##### INPUT DATA #####

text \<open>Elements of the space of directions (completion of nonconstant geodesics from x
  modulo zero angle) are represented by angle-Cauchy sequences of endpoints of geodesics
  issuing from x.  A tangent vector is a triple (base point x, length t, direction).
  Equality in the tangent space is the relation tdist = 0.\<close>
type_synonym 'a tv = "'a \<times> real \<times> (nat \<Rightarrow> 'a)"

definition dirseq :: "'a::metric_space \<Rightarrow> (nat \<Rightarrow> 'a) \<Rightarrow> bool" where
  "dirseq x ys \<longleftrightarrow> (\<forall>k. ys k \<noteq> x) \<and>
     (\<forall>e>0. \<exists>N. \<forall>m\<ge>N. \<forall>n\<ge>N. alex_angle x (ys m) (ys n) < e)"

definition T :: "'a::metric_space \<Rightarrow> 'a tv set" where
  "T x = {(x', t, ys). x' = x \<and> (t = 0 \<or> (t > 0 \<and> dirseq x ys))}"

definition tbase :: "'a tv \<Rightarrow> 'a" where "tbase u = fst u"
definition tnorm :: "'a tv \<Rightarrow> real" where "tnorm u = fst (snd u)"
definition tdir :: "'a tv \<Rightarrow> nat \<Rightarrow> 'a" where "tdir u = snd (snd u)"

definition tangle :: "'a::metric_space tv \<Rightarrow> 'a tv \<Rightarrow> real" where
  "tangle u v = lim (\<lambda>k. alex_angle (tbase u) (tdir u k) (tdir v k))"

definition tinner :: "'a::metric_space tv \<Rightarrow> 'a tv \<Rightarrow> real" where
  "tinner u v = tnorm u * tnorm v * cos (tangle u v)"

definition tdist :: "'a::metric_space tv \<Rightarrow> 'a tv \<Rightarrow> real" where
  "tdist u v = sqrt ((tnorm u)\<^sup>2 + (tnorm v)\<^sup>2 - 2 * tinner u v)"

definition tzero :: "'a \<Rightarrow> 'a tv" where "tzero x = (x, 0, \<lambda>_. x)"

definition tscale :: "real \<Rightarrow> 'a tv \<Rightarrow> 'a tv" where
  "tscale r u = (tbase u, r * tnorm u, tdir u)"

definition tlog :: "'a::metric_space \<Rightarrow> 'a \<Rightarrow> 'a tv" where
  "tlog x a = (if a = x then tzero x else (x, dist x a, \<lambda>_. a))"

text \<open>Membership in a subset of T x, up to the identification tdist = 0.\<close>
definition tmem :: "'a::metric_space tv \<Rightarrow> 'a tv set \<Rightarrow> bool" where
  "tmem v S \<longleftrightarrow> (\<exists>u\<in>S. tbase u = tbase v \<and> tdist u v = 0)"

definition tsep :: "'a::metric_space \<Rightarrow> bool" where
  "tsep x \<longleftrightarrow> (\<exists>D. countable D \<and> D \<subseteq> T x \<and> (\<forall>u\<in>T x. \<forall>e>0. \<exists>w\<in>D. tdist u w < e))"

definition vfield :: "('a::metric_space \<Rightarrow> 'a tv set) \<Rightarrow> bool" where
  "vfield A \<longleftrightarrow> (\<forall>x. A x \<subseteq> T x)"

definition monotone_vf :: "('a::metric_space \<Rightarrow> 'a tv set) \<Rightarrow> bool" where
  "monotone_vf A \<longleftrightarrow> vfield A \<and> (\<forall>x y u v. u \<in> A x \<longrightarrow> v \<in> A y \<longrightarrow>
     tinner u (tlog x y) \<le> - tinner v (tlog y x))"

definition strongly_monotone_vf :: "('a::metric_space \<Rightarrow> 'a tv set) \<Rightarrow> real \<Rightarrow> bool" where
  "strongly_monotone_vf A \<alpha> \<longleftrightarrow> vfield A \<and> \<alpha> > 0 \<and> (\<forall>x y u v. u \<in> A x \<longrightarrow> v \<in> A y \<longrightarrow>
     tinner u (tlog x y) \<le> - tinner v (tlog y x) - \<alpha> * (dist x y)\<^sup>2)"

#####
##### INPUT DATA #####

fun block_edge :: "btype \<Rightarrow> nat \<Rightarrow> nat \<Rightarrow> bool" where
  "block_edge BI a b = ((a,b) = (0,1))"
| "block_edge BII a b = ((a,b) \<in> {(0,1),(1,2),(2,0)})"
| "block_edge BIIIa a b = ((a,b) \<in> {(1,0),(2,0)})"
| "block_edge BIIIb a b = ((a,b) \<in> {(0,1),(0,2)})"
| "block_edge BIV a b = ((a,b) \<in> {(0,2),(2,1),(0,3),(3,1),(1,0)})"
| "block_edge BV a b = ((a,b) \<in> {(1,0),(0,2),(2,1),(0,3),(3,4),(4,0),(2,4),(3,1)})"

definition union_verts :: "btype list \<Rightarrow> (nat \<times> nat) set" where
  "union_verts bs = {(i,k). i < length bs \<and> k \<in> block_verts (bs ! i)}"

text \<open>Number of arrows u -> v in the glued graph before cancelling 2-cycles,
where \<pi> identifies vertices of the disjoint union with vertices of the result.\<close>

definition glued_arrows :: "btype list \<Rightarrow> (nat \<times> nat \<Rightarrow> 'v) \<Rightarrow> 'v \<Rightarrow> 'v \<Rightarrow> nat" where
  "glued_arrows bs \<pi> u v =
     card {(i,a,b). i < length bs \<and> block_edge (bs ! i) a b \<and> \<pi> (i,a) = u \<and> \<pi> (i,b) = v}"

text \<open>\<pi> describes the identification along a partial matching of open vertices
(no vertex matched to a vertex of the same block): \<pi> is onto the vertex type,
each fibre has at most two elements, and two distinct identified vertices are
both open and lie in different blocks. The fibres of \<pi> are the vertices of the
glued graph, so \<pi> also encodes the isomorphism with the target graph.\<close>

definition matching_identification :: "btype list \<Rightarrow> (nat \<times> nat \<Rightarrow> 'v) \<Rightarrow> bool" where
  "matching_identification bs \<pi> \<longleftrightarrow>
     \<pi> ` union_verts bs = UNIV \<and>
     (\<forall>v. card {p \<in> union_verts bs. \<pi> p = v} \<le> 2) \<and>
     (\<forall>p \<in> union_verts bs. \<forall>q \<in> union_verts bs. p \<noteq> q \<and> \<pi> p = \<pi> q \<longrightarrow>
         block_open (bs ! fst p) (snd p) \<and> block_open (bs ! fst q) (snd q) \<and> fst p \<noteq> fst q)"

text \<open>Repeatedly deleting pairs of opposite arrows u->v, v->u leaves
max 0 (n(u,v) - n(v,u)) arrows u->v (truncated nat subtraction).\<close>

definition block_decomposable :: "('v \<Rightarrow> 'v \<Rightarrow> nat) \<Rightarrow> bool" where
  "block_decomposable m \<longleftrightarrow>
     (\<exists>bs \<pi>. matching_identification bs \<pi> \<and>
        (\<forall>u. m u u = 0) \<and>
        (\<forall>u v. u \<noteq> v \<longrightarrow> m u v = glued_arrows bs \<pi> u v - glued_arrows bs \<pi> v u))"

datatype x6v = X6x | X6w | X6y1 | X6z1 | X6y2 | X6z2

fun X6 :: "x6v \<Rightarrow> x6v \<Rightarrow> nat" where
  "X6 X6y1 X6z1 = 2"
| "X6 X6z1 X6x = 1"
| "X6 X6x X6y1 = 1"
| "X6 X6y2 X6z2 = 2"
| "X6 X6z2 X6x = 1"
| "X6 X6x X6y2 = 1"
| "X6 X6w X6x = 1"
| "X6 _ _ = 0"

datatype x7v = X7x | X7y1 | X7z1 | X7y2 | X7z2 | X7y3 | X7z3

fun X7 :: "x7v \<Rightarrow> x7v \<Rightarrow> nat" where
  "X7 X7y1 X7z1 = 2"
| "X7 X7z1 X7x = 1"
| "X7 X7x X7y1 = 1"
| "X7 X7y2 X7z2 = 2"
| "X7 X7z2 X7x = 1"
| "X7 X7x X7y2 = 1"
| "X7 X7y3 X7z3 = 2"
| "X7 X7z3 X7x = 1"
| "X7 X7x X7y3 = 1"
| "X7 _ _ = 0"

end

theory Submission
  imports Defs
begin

#####

▶ ASSIGNED TASK
What lines of the material above include "vfield"? Copy each one.

▶ RESULT OF THE TASK
definition vfield :: "('a::metric_space \<Rightarrow> 'a tv set) \<Rightarrow> bool" where
  "vfield A \<longleftrightarrow> (\<forall>x. A x \<subseteq> T x)"
  "monotone_vf A \<longleftrightarrow> vfield A \<and> (\<forall>x y u v. u \<in> A x \<longrightarrow> v \<in> A y \<longrightarrow>
  "strongly_monotone_vf A \<alpha> \<longleftrightarrow> vfield A \<and> \<alpha> > 0 \<and> (\<forall>x y u v. u \<in> A x \<longrightarrow> v \<in> A y \<longrightarrow>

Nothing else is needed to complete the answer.